Raytheon Technologies on Thursday, May 7, stated the rationale for its creation remained intact even as the coronavirus-driven crisis that has engulfed the global airline industry drove cost-cutting efforts and threatened future sales, reported Wall Street Journal.
The maker of Pratt & Whitney aircraft engines and Patriot missile-defense systems reported a first-quarter loss in its debut results following its creation last month, with buoyant military sales countering the performance of some commercial-aerospace businesses.
The combination of United Technologies and Raytheon had been driven by plans to use cash from the once-booming commercial-aerospace business to underpin more competitive offerings for defense customers.
“Looking ahead, the merits and strategic rationale of the merger are clear,” said Chief Executive Greg Hayes in a statement, flagging US$8.5 billion in liquidity and continuing efforts to cut costs.
Rivals, including General Electric and France’s Safran, have cut production of aircraft engines and parts and are shedding thousands of jobs in response to the crisis that has hit the global airline industry.

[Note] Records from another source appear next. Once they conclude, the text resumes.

(* Let $\mathbb A$ be an abelian category with enough projective objects. Let $(f_0,f_1):a\to b$ be a morphism in $\mathbb A^{[1]}_c$ and let $g:\mathrm{Ker}(a)\to\mathrm{Ker}(b)$ and $h:\mathrm{Coker}(a)\to\mathrm{Coker}(b)$ be the induced morphisms. Then $(f_0,f_1)$ is fully cofaithful in $\mathbb A^{[1]}_c$ if and only if $h$ is an isomorphism and $g$ is an epimorphism in $\mathbb A$.
   Context: Let $\mathbb A$ be an abelian category. The 2-category $\mathbb A^{[1]}$ has as objects the morphisms $a:A_1\to A_0$ of $\mathbb A$. For objects $a:A_1\to A_0$ and $b:B_1\to B_0$, a morphism $a\to b$ is a pair $(f_0,f_1)$ of morphisms $f_i:A_i\to B_i$ of $\mathbb A$ with $b f_1=f_0 a$; composition is componentwise. A 2-arrow $(f_0,f_1)\Rightarrow(g_0,g_1)$ between morphisms $a\to b$ is a morphism $\alpha:A_0\to B_1$ of $\mathbb A$ with $f_1-g_1=\alpha a$ and $f_0-g_0=b\alpha$; vertical composition is addition of such $\alpha$'s, and whiskering is given by $(h_0,h_1)\circ\alpha=h_1\alpha$ and $\alpha\circ(e_0,e_1)=\alpha e_0$. All 2-arrows are invertible, so each $\mathbf{Hom}(a,b)$ is a groupoid. $\mathbb A^{[1]}_c$ is the full 2-subcategory of $\mathbb A^{[1]}$ on the objects $a:A_1\to A_0$ with $A_0$ projective in $\mathbb A$. A morphism $(f_0,f_1):a\to b$ induces $g:\mathrm{Ker}(a)\to\mathrm{Ker}(b)$ (restriction of $f_1$) and $h:\mathrm{Coker}(a)\to\mathrm{Coker}(b)$ (induced by $f_0$). A morphism $f:a\to b$ of $\mathbb A^{[1]}_c$ is fully cofaithful in $\mathbb A^{[1]}_c$ if for every object $x$ of $\mathbb A^{[1]}_c$ the functor $-\circ f:\mathbf{Hom}(b,x)\to\mathbf{Hom}(a,x)$ is full and faithful. *)

theory Defs
  imports Main
begin

record ('o, 'm) cat =
  Ob  :: "'o set"
  Ar  :: "'m set"
  dom :: "'m \<Rightarrow> 'o"
  cod :: "'m \<Rightarrow> 'o"
  idm :: "'o \<Rightarrow> 'm"
  cmp :: "'m \<Rightarrow> 'm \<Rightarrow> 'm"      (* cmp C g f = g \<circ> f *)
  add :: "'m \<Rightarrow> 'm \<Rightarrow> 'm"
  neg :: "'m \<Rightarrow> 'm"
  zer :: "'o \<Rightarrow> 'o \<Rightarrow> 'm"

definition hom :: "('o,'m) cat \<Rightarrow> 'o \<Rightarrow> 'o \<Rightarrow> 'm set" where
  "hom C A B = {f \<in> Ar C. dom C f = A \<and> cod C f = B}"

definition sub :: "('o,'m) cat \<Rightarrow> 'm \<Rightarrow> 'm \<Rightarrow> 'm" where
  "sub C f g = add C f (neg C g)"

definition category :: "('o,'m) cat \<Rightarrow> bool" where
  "category C \<longleftrightarrow>
     (\<forall>f\<in>Ar C. dom C f \<in> Ob C \<and> cod C f \<in> Ob C) \<and>
     (\<forall>A\<in>Ob C. idm C A \<in> hom C A A) \<and>
     (\<forall>A B D f g. f \<in> hom C A B \<longrightarrow> g \<in> hom C B D \<longrightarrow> cmp C g f \<in> hom C A D) \<and>
     (\<forall>A B D E f g h. f \<in> hom C A B \<longrightarrow> g \<in> hom C B D \<longrightarrow> h \<in> hom C D E \<longrightarrow>
         cmp C h (cmp C g f) = cmp C (cmp C h g) f) \<and>
     (\<forall>A B f. f \<in> hom C A B \<longrightarrow> cmp C f (idm C A) = f \<and> cmp C (idm C B) f = f)"

definition preadditive :: "('o,'m) cat \<Rightarrow> bool" where
  "preadditive C \<longleftrightarrow> category C \<and>
     (\<forall>A\<in>Ob C. \<forall>B\<in>Ob C.
        zer C A B \<in> hom C A B \<and>
        (\<forall>f\<in>hom C A B. \<forall>g\<in>hom C A B.
           add C f g \<in> hom C A B \<and> add C f g = add C g f) \<and>
        (\<forall>f\<in>hom C A B. \<forall>g\<in>hom C A B. \<forall>h\<in>hom C A B.
           add C (add C f g) h = add C f (add C g h)) \<and>
        (\<forall>f\<in>hom C A B. add C f (zer C A B) = f \<and> neg C f \<in> hom C A B \<and>
           add C f (neg C f) = zer C A B)) \<and>
     (\<forall>A B D f f' g. f \<in> hom C A B \<longrightarrow> f' \<in> hom C A B \<longrightarrow> g \<in> hom C B D \<longrightarrow>
         cmp C g (add C f f') = add C (cmp C g f) (cmp C g f')) \<and>
     (\<forall>A B D f g g'. f \<in> hom C A B \<longrightarrow> g \<in> hom C B D \<longrightarrow> g' \<in> hom C B D \<longrightarrow>
         cmp C (add C g g') f = add C (cmp C g f) (cmp C g' f))"
(* Let $k$ be a field, $V$ a finite-dimensional $k$-vector space, $A$ a finite arrangement of linear hyperplanes in $V$ with intersection lattice $L$ and natural sheaf $F$, and let $\widetilde L$ be the Boolean cover of $L$. Then $$\chi_q\,\mathrm{HC}_*(\widetilde L;\Lambda^\bullet F)=\chi_L(1+q).$$
   Context: $L$ consists of all intersections of subsets of $A$ (empty intersection $=V$), ordered by reverse inclusion, with minimum $\mathbf{0}=V$; atoms are the hyperplanes. Möbius function: $\mu_L(x,x)=1$, $\mu_L(x,y)=-\sum_{x\le z<y}\mu_L(x,z)$; $\chi_L(t)=\sum_{x\in L}\mu_L(\mathbf{0},x)t^{\dim x}$. A sheaf assigns a vector space $G(x)$ to each element and a linear map $G^y_x:G(y)\to G(x)$ to each $x\le y$, functorially. Natural sheaf: $F(x)=x$, $F^y_x$ the inclusion $y\subseteq x$; $\Lambda^jF$ has $(\Lambda^jF)(x)=\Lambda^j(F(x))$, maps $\Lambda^j(F^y_x)$; $\Lambda^\bullet F=\bigoplus_{j\ge0}\Lambda^jF$. Graded Euler characteristic: $\chi_q\,\mathrm{HC}_*(\widetilde L;\Lambda^\bullet F)=\sum_{k\ge0}q^k\sum_n(-1)^n\dim\mathrm{HC}_n(\widetilde L;\Lambda^kF)$. Boolean cover: $\widetilde L$ is the lattice of subsets of $A$ under inclusion, $f(S)=\bigcap_{a\in S}a$, induced sheaf $G(S)=G(f(S))$ with maps $G^{f(T)}_{f(S)}$. Cellular homology of a Boolean lattice of subsets of $\{a_1,\dots,a_n\}$ with sheaf $G$: homology of $C_k=\bigoplus_{|x|=k}G(x)$, $d=\sum\varepsilon^x_yG^x_y$ over $y\subset x$, $|y|=|x|-1$, with $\varepsilon^x_y=(-1)^{j-1}$ when $x=\{a_{i_1},\dots,a_{i_k}\}$ ($i_1<\cdots<i_k$), $y=x\setminus\{a_{i_j}\}$. *)

theory Defs
  imports Main "HOL-Library.Function_Algebras" "HOL-Combinatorics.Permutations"
    "HOL-Computational_Algebra.Polynomial"
begin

Airbus and Boeing have both cut aircraft production as airlines were left unwilling or unable to take delivery of new jets, parking thousands of planes as virus-driven travel restrictions and recession-like economic conditions withered passenger demand. The International Air Transport Association, a trade group, expects global passenger traffic to halve this year.
Raytheon Technologies employed around 195,000 staff before recent disposals, and didn’t detail the workforce impact of its cost-cutting efforts.